(* Let $G$ be a finite non-cyclic group. (i) If $\psi'(G)\ge \frac{19}{43}$, then $2$ divides $|G|$. (ii) If $\psi'(G)>\frac{31}{77}$, then $2$ or $3$ divides $|G|$.
   Context: For a finite group $G$, $\psi(G)=\sum_{x\in G} o(x)$ and $\psi'(G)=\psi(G)/\psi(\mathcal{C}_{|G|})$, where $\mathcal{C}_n$ is the cyclic group of order $n$. *)

theory Defs
  imports "HOL-Algebra.Multiplicative_Group" "HOL-Algebra.Elementary_Groups"
begin

definition psi :: "('a, 'b) monoid_scheme \<Rightarrow> nat" where
  "psi G = (\<Sum>x\<in>carrier G. group.ord G x)"

text \<open>psi' G = psi G / psi (C_|G|), with C_n realised as integer_mod_group n.\<close>
definition psi' :: "('a, 'b) monoid_scheme \<Rightarrow> real" where
  "psi' G = real (psi G) / real (psi (integer_mod_group (order G)))"

end

theory Submission
  imports Defs "HOL-Computational_Algebra.Primes"
begin

(* Let all prime divisors of n = |G| be at least q >= 3, let p be the largest one and write
   n = p^a m with p not dividing m. By induction on n, psi(G) <= psi(C_n), and
   psi(G) <= c psi(C_n) when G is not cyclic, where c = 11/25 for q = 3 and c = 2/5 for q >= 5.

   If p = 3, G is a non-cyclic 3-group, whose elements have order at most 3^(a-1); this gives
   the constant 11/25. Otherwise p >= 5. An element of index less than p generates a subgroup
   that contains every element of order p^a, so its cyclic subgroup of order p^a is normal.
   Hence, if there is no normal cyclic subgroup of order p^a, every element has order at most
   n/p and psi(G) <= n^2/p, while multiplicativity of psi(C_n) gives psi(C_n) >= q n^2/(p + 1).
   If there is one, P = <y>, then either y is central and psi(G) = psi(C_(p^a)) psi(G/P) with
   G/P not cyclic, or the centralizer of y is a proper subgroup, to which the induction
   applies, and every element outside it has order at most p^(a-1) times its order modulo P.
   Since 11/25 < 19/43 and 2/5 < 31/77, the theorem follows. *)

section \<open>The sum of element orders of a cyclic group\<close>

text \<open>\<open>psi_C n\<close> is \<open>\<psi>(C\<^sub>n)\<close>: the element \<open>x [^] i\<close> of a cyclic group of order \<open>n\<close>
  generated by \<open>x\<close> has order \<open>n div gcd n i\<close>.\<close>
definition psi_C :: "nat \<Rightarrow> nat" where
  "psi_C n = (\<Sum>i<n. n div gcd n i)"

lemma psi_C_Suc_0 [simp]: "psi_C (Suc 0) = 1"
  by (simp add: psi_C_def)

lemma psi_C_pos: "n > 0 \<Longrightarrow> psi_C n > 0"
proof -
  assume "n > 0"
  then have "n div gcd n 0 \<le> psi_C n"
    unfolding psi_C_def by (intro member_le_sum) auto
  with \<open>n > 0\<close> show ?thesis
    by simp
qed

lemma psi_C_le_square: "psi_C n \<le> n\<^sup>2"
proof -
  have "psi_C n \<le> (\<Sum>i<n. n)"
    unfolding psi_C_def by (intro sum_mono) auto
  then show ?thesis
    by (simp add: power2_eq_square)
qed
(* Let $X_1,\dots,X_M$ be i.i.d. random variables taking values in $[k]$, let $\hat p_i=\frac1M\sum_{j=1}^M\mathbf{1}\{X_j=i\}$, and define $L(X_1,\dots,X_M)=\sum_{i=1}^k\hat p_i(1-\hat p_i)$. Then the function $L:[k]^M\to\mathbb{R}$ satisfies the bounded difference property with parameters $c_i=\frac2M$ for all $i\in[M]$, and consequently for every $t>0$, $$\mathbb{P}\left[|L(X_1,\dots,X_M)-\mathbb{E}[L(X_1,\dots,X_M)]|\ge t\right]\le 2\exp\left(-\frac{Mt^2}{2}\right).$$
   Context: A function $f:\mathcal{X}^M\to\mathbb{R}$ has the bounded difference property with parameters $c_1,\dots,c_M$ if for every $i\in[M]$, all $x_1,\dots,x_M,x_i'\in\mathcal{X}$, $|f(x_1,\dots,x_i,\dots,x_M)-f(x_1,\dots,x_i',\dots,x_M)|\le c_i$. *)

theory Defs
  imports "HOL-Probability.Probability"
begin

text \<open>Bounded difference property for f : S^M -> R, points of S^M represented as
  extensional functions on the index set {1..M}.\<close>
definition bounded_difference ::
  "'a set \<Rightarrow> nat \<Rightarrow> ((nat \<Rightarrow> 'a) \<Rightarrow> real) \<Rightarrow> (nat \<Rightarrow> real) \<Rightarrow> bool" where
  "bounded_difference S M f c \<longleftrightarrow>
     (\<forall>i\<in>{1..M}. \<forall>x\<in>{1..M} \<rightarrow>\<^sub>E S. \<forall>y\<in>S. \<bar>f x - f (x(i := y))\<bar> \<le> c i)"

definition phat :: "nat \<Rightarrow> (nat \<Rightarrow> nat) \<Rightarrow> nat \<Rightarrow> real" where
  "phat M x i = (\<Sum>j\<in>{1..M}. if x j = i then 1 else 0) / real M"

definition Lfun :: "nat \<Rightarrow> nat \<Rightarrow> (nat \<Rightarrow> nat) \<Rightarrow> real" where
  "Lfun k M x = (\<Sum>i\<in>{1..k}. phat M x i * (1 - phat M x i))"

end

theory Submission
  imports Defs
begin

text \<open>
  Changing one coordinate moves only two of the empirical frequencies, each by 1/M, and
  q \<mapsto> q (1 - q) is 1-Lipschitz on [0, 1]; hence L has bounded differences 2/M.

  The tail bound is McDiarmid's inequality, which needs independence only. For independent
  variables with values in a finite set, the joint law is the product of the marginals, so
  expectations are finite sums with product weights. Averaging out one coordinate at a time
  (the Doob martingale) and applying Hoeffding's lemma to each increment, whose oscillation
  is at most c i, bounds the moment generating function by exp (l^2 (\<Sum>i. c i^2) / 8);
  the Chernoff bound with l = 4 t / (\<Sum>i. c i^2), applied to f and -f, gives
  2 exp (-2 t^2 / (\<Sum>i. c i^2)), which is 2 exp (-M t^2 / 2) for c i = 2/M.
\<close>

lemma Hoeffdings_lemma_finite:
  fixes p h :: "'b \<Rightarrow> real"
  assumes S: "finite S" and p: "\<And>s. s \<in> S \<Longrightarrow> 0 \<le> p s" and p1: "(\<Sum>s\<in>S. p s) = 1"
    and h: "\<And>s. s \<in> S \<Longrightarrow> h s \<in> {a..b}" and h0: "(\<Sum>s\<in>S. p s * h s) = 0"
    and l: "l > 0"
  shows "(\<Sum>s\<in>S. p s * exp (l * h s)) \<le> exp (l\<^sup>2 * (b - a)\<^sup>2 / 8)"
proof -
  define N where "N = point_measure S p"
  have "emeasure N (space N) = (\<Sum>s\<in>S. ennreal (p s))"
    using S p by (simp add: N_def emeasure_point_measure_finite2 space_point_measure)
  also have "\<dots> = 1" using p p1 by (simp add: sum_ennreal)
  finally interpret N: prob_space N by (rule prob_spaceI)
  interpret interval_bounded_random_variable N h a b
    using h by unfold_locales (auto simp: N_def space_point_measure)
  have "N.expectation h = 0"
    using S p h0 by (simp add: N_def lebesgue_integral_point_measure_finite)
  moreover have "(\<integral>\<^sup>+s. exp (l * h s) \<partial>N) = ennreal (\<Sum>s\<in>S. p s * exp (l * h s))"
    using S p by (simp add: N_def nn_integral_point_measure_finite sum_ennreal flip: ennreal_mult)
  ultimately show ?thesis
    using Hoeffdings_lemma_nn_integral_0[OF l] by simp
qed

lemma Hoeffdings_lemma_finite_oscillation:
  fixes p h :: "'b \<Rightarrow> real"
  assumes S: "finite S" and p: "\<And>s. s \<in> S \<Longrightarrow> 0 \<le> p s" and p1: "(\<Sum>s\<in>S. p s) = 1"
    and h: "\<And>s t. s \<in> S \<Longrightarrow> t \<in> S \<Longrightarrow> h s - h t \<le> c" and h0: "(\<Sum>s\<in>S. p s * h s) = 0"
    and l: "l > 0"
  shows "(\<Sum>s\<in>S. p s * exp (l * h s)) \<le> exp (l\<^sup>2 * c\<^sup>2 / 8)"
proof -
  have "S \<noteq> {}" using p1 by auto
  then have "Min (h ` S) \<in> h ` S" using S by simp
  then obtain s0 where s0: "s0 \<in> S" "h s0 = Min (h ` S)" by auto
  then have "h s \<in> {h s0..h s0 + c}" if "s \<in> S" for s
    using S h[OF that s0(1)] that by auto
  from Hoeffdings_lemma_finite[OF S p p1 this h0 l] show ?thesis by simp
qed

definition prod_expectation ::
  "('i \<Rightarrow> 'b \<Rightarrow> real) \<Rightarrow> 'b set \<Rightarrow> 'i set \<Rightarrow> (('i \<Rightarrow> 'b) \<Rightarrow> real) \<Rightarrow> real" where
  "prod_expectation p S I f = (\<Sum>x\<in>I \<rightarrow>\<^sub>E S. (\<Prod>j\<in>I. p j (x j)) * f x)"

definition average_coord ::
  "('i \<Rightarrow> 'b \<Rightarrow> real) \<Rightarrow> 'b set \<Rightarrow> 'i \<Rightarrow> (('i \<Rightarrow> 'b) \<Rightarrow> real) \<Rightarrow> ('i \<Rightarrow> 'b) \<Rightarrow> real" where
  "average_coord p S i f x = (\<Sum>y\<in>S. p i y * f (x(i := y)))"

lemma prod_expectation_empty: "prod_expectation p S {} f = f (\<lambda>_. undefined)"
  by (simp add: prod_expectation_def)

lemma prod_expectation_insert:
  assumes "finite I" "i \<notin> I"
  shows "prod_expectation p S (insert i I) f = prod_expectation p S I (average_coord p S i f)"
proof -
  have "(\<Prod>j\<in>I. p j ((x(i := y)) j)) = (\<Prod>j\<in>I. p j (x j))" for x y
    using assms by (intro prod.cong) auto
  then have prod_upd: "(\<Prod>j\<in>insert i I. p j ((x(i := y)) j)) = p i y * (\<Prod>j\<in>I. p j (x j))" for x y
    using assms by simp
  have "prod_expectation p S (insert i I) f
      = (\<Sum>(y, x)\<in>S \<times> (I \<rightarrow>\<^sub>E S). (\<Prod>j\<in>insert i I. p j ((x(i := y)) j)) * f (x(i := y)))"
    unfolding prod_expectation_def PiE_insert_eq
    by (subst sum.reindex[OF inj_combinator[OF assms(2)]]) (simp add: case_prod_beta)
  also have "\<dots> = (\<Sum>y\<in>S. \<Sum>x\<in>I \<rightarrow>\<^sub>E S. p i y * (\<Prod>j\<in>I. p j (x j)) * f (x(i := y)))"
    unfolding prod_upd by (rule sum.cartesian_product [symmetric])
  also have "\<dots> = (\<Sum>x\<in>I \<rightarrow>\<^sub>E S. \<Sum>y\<in>S. p i y * (\<Prod>j\<in>I. p j (x j)) * f (x(i := y)))"
    by (rule sum.swap)
  also have "\<dots> = prod_expectation p S I (average_coord p S i f)"
    by (simp add: prod_expectation_def average_coord_def sum_distrib_left mult_ac)
  finally show ?thesis .
qed

lemma prod_expectation_linear:
  "prod_expectation p S I (\<lambda>x. a * f x + b * g x)
     = a * prod_expectation p S I f + b * prod_expectation p S I g"
  by (simp add: prod_expectation_def sum.distrib sum_distrib_left algebra_simps)

lemma prod_expectation_mult_const:
  "prod_expectation p S I (\<lambda>x. f x * c) = prod_expectation p S I f * c"
  by (simp add: prod_expectation_def sum_distrib_right mult.assoc)

lemma prod_expectation_mono:
  assumes "\<And>j s. j \<in> I \<Longrightarrow> s \<in> S \<Longrightarrow> 0 \<le> p j s" "\<And>x. x \<in> I \<rightarrow>\<^sub>E S \<Longrightarrow> f x \<le> g x"
  shows "prod_expectation p S I f \<le> prod_expectation p S I g"
  unfolding prod_expectation_def using assms
  by (intro sum_mono mult_left_mono prod_nonneg) (auto simp: PiE_iff)

definition bounded_difference_on ::
  "'b set \<Rightarrow> 'i set \<Rightarrow> (('i \<Rightarrow> 'b) \<Rightarrow> real) \<Rightarrow> ('i \<Rightarrow> real) \<Rightarrow> bool" where
  "bounded_difference_on S I f c \<longleftrightarrow>
     (\<forall>i\<in>I. \<forall>x\<in>I \<rightarrow>\<^sub>E S. \<forall>y\<in>S. \<bar>f x - f (x(i := y))\<bar> \<le> c i)"

lemma bounded_difference_eq_on: "bounded_difference S M f c = bounded_difference_on S {1..M} f c"
  by (simp add: bounded_difference_def bounded_difference_on_def)

lemma bounded_difference_on_uminus:
  "bounded_difference_on S I f c \<Longrightarrow> bounded_difference_on S I (\<lambda>x. - f x) c"
  by (simp add: bounded_difference_on_def abs_minus_commute)

lemma bounded_difference_on_average_coord:
  assumes i: "i \<notin> I" and p: "\<And>s. s \<in> S \<Longrightarrow> 0 \<le> p i s" and p1: "(\<Sum>s\<in>S. p i s) = 1"
    and f: "bounded_difference_on S (insert i I) f c"
  shows "bounded_difference_on S I (average_coord p S i f) c"
  unfolding bounded_difference_on_def
proof (intro ballI)
  fix j x z assume j: "j \<in> I" and x: "x \<in> I \<rightarrow>\<^sub>E S" and z: "z \<in> S"
  have "\<bar>f (x(i := y)) - f ((x(i := y))(j := z))\<bar> \<le> c j" if "y \<in> S" for y
    using f j z x that unfolding bounded_difference_on_def by (auto simp: PiE_iff)
  then have "\<bar>p i y * (f (x(i := y)) - f ((x(i := y))(j := z)))\<bar> \<le> p i y * c j" if "y \<in> S" for y
    using p[OF that] that by (simp add: abs_mult mult_left_mono)
  moreover have "(x(j := z))(i := y) = (x(i := y))(j := z)" for y
    using i j by (auto intro: fun_upd_twist)
  ultimately have "\<bar>\<Sum>y\<in>S. p i y * f (x(i := y)) - p i y * f ((x(j := z))(i := y))\<bar>
      \<le> (\<Sum>y\<in>S. p i y * c j)"
    by (intro order.trans[OF sum_abs] sum_mono) (simp add: right_diff_distrib)
  then show "\<bar>average_coord p S i f x - average_coord p S i f (x(j := z))\<bar> \<le> c j"
    by (simp add: average_coord_def p1 sum_subtractf flip: sum_distrib_right)
qed

lemma average_coord_exp_le:
  assumes S: "finite S" and p: "\<And>s. s \<in> S \<Longrightarrow> 0 \<le> p i s" and p1: "(\<Sum>s\<in>S. p i s) = 1"
    and f: "bounded_difference_on S (insert i I) f c" and x: "x \<in> I \<rightarrow>\<^sub>E S" and l: "l > 0"
  shows "average_coord p S i (\<lambda>z. exp (l * (f z - average_coord p S i f x))) x
           \<le> exp (l\<^sup>2 * (c i)\<^sup>2 / 8)"
proof -
  define a where "a = average_coord p S i f x"
  have "(\<Sum>s\<in>S. p i s * exp (l * (f (x(i := s)) - a))) \<le> exp (l\<^sup>2 * (c i)\<^sup>2 / 8)"
  proof (rule Hoeffdings_lemma_finite_oscillation[OF S p p1 _ _ l])
    fix s t assume s: "s \<in> S" and t: "t \<in> S"
    have "x(i := t) \<in> insert i I \<rightarrow>\<^sub>E S" using x t by (auto simp: PiE_iff)
    with f s have "\<bar>f (x(i := t)) - f ((x(i := t))(i := s))\<bar> \<le> c i"
      unfolding bounded_difference_on_def by blast
    then show "f (x(i := s)) - a - (f (x(i := t)) - a) \<le> c i" by simp
  next
    show "(\<Sum>s\<in>S. p i s * (f (x(i := s)) - a)) = 0"
      using p1
      by (simp add: a_def average_coord_def right_diff_distrib sum_subtractf flip: sum_distrib_right)
  qed
  then show ?thesis
    unfolding a_def [symmetric] average_coord_def [of p S i "\<lambda>z. exp (l * (f z - a))"] .
qed
lemma maximal_walk_exists:
  assumes "finite {xs. walk G xs \<and> hd xs = x}"
  shows "\<exists>xs. walk G xs \<and> hd xs = x \<and> (\<forall>y. (last xs, y) \<notin> G)"
proof -
  let ?W = "{xs. walk G xs \<and> hd xs = x}"
  obtain xs where xs: "xs \<in> ?W" "\<forall>ys\<in>?W. length ys \<le> length xs"
    using ex_has_greatest_nat[of "\<lambda>xs. xs \<in> ?W" "[x]" length "Suc (Max (length ` ?W))"] assms
    by (auto simp: le_imp_less_Suc)
  have "(last xs, y) \<notin> G" for y
  proof
    assume "(last xs, y) \<in> G"
    with xs(1) have "walk G (xs @ [y])"
      by (simp add: walk_snoc)
    moreover have "hd (xs @ [y]) = x"
      using xs(1) by (cases xs) auto
    ultimately have "xs @ [y] \<in> ?W"
      by simp
    with xs(2) show False by fastforce
  qed
  with xs(1) show ?thesis by blast
qed

lemma segment_is_cycle:
  assumes "\<forall>i. (Some (\<nu> i), Some (\<nu> (Suc i))) \<in> G" "j < k" "\<nu> j = \<nu> k"
  shows "is_cycle G (map \<nu> [j..<k])"
  unfolding is_cycle_def
proof (intro conjI allI impI)
  show "map \<nu> [j..<k] \<noteq> []"
    using assms(2) by simp
next
  fix i assume "i < length (map \<nu> [j..<k])"
  then have i: "i < k - j" by simp
  have "map \<nu> [j..<k] ! ((i + 1) mod (k - j)) = \<nu> (Suc (j + i))"
  proof (cases "i + 1 < k - j")
    case False
    with i have "i + 1 = k - j" by linarith
    moreover from this assms(2) have "Suc (j + i) = k" by linarith
    ultimately show ?thesis
      using assms(2,3) by simp
  qed simp
  with i assms(1) show "(Some (map \<nu> [j..<k] ! i), Some (map \<nu> [j..<k] ! ((i + 1) mod length (map \<nu> [j..<k])))) \<in> G"
    by simp
qed

lemma eventually_recurrent:
  fixes \<nu> :: "nat \<Rightarrow> 'a"
  assumes "finite A" "\<forall>i. \<nu> i \<in> A"
  shows "\<exists>N. \<forall>n\<ge>N. \<exists>\<^sub>\<infinity>i. \<nu> i = \<nu> n"
proof -
  have "{n. \<not> (\<exists>\<^sub>\<infinity>i. \<nu> i = \<nu> n)} = (\<Union>v\<in>{v\<in>A. \<not> (\<exists>\<^sub>\<infinity>i. \<nu> i = v)}. {n. \<nu> n = v})"
    using assms(2) by auto
  then have "finite {n. \<not> (\<exists>\<^sub>\<infinity>i. \<nu> i = \<nu> n)}"
    using assms(1) by (simp add: INFM_iff_infinite)
  then obtain N where "\<forall>n\<in>{n. \<not> (\<exists>\<^sub>\<infinity>i. \<nu> i = \<nu> n)}. n < N"
    unfolding finite_nat_set_iff_bounded by blast
  then show ?thesis
    by (meson mem_Collect_eq not_le)
qed

lemma recurrent_value_of_colour:
  fixes \<nu> :: "nat \<Rightarrow> 'a"
  assumes "finite A" "\<forall>i. \<nu> i \<in> A" "\<exists>\<^sub>\<infinity>i. c (\<nu> i) = m"
  shows "\<exists>v. c v = m \<and> (\<exists>\<^sub>\<infinity>i. \<nu> i = v)"
proof -
  have "infinite {i. c (\<nu> i) = m}"
    using assms(3) by (simp add: INFM_iff_infinite)
  moreover have "\<nu> ` {i. c (\<nu> i) = m} \<subseteq> A"
    using assms(2) by blast
  then have "finite (\<nu> ` {i. c (\<nu> i) = m})"
    using assms(1) by (rule finite_subset)
  ultimately obtain v where v: "v \<in> \<nu> ` {i. c (\<nu> i) = m}" "infinite (\<nu> -` {v} \<inter> {i. c (\<nu> i) = m})"
    by (blast elim: inf_img_fin_domE')
  have "\<nu> -` {v} \<inter> {i. c (\<nu> i) = m} \<subseteq> {i. \<nu> i = v}"
    by auto
  with v(2) have "\<exists>\<^sub>\<infinity>i. \<nu> i = v"
    unfolding INFM_iff_infinite using infinite_super by blast
  with v(1) show ?thesis
    by auto
qed

lemma finite_recurrent_colours:
  fixes \<nu> :: "nat \<Rightarrow> 'a"
  assumes "finite A" "\<forall>i. \<nu> i \<in> A"
  shows "finite {m. \<exists>\<^sub>\<infinity>i. c (\<nu> i) = m}"
proof -
  have "{m. \<exists>\<^sub>\<infinity>i. c (\<nu> i) = m} \<subseteq> c ` A"
  proof
    fix m assume "m \<in> {m. \<exists>\<^sub>\<infinity>i. c (\<nu> i) = m}"
    then obtain i where "c (\<nu> i) = m"
      by (auto elim: INFM_E)
    with assms(2) show "m \<in> c ` A" by blast
  qed
  with assms(1) show ?thesis
    using finite_surj by blast
qed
● ● ●
### THE TASK
Output the material above exactly, but only from the line that carries "Since 11/25 <" through the line that carries "(* Let $X_1,\dots,X_M$".

### OUTPUT OF THE TASK
   Since 11/25 < 19/43 and 2/5 < 31/77, the theorem follows. *)

section \<open>The sum of element orders of a cyclic group\<close>

text \<open>\<open>psi_C n\<close> is \<open>\<psi>(C\<^sub>n)\<close>: the element \<open>x [^] i\<close> of a cyclic group of order \<open>n\<close>
  generated by \<open>x\<close> has order \<open>n div gcd n i\<close>.\<close>
definition psi_C :: "nat \<Rightarrow> nat" where
  "psi_C n = (\<Sum>i<n. n div gcd n i)"

lemma psi_C_Suc_0 [simp]: "psi_C (Suc 0) = 1"
  by (simp add: psi_C_def)

lemma psi_C_pos: "n > 0 \<Longrightarrow> psi_C n > 0"
proof -
  assume "n > 0"
  then have "n div gcd n 0 \<le> psi_C n"
    unfolding psi_C_def by (intro member_le_sum) auto
  with \<open>n > 0\<close> show ?thesis
    by simp
qed

lemma psi_C_le_square: "psi_C n \<le> n\<^sup>2"
proof -
  have "psi_C n \<le> (\<Sum>i<n. n)"
    unfolding psi_C_def by (intro sum_mono) auto
  then show ?thesis
    by (simp add: power2_eq_square)
qed
(* Let $X_1,\dots,X_M$ be i.i.d. random variables taking values in $[k]$, let $\hat p_i=\frac1M\sum_{j=1}^M\mathbf{1}\{X_j=i\}$, and define $L(X_1,\dots,X_M)=\sum_{i=1}^k\hat p_i(1-\hat p_i)$. Then the function $L:[k]^M\to\mathbb{R}$ satisfies the bounded difference property with parameters $c_i=\frac2M$ for all $i\in[M]$, and consequently for every $t>0$, $$\mathbb{P}\left[|L(X_1,\dots,X_M)-\mathbb{E}[L(X_1,\dots,X_M)]|\ge t\right]\le 2\exp\left(-\frac{Mt^2}{2}\right).$$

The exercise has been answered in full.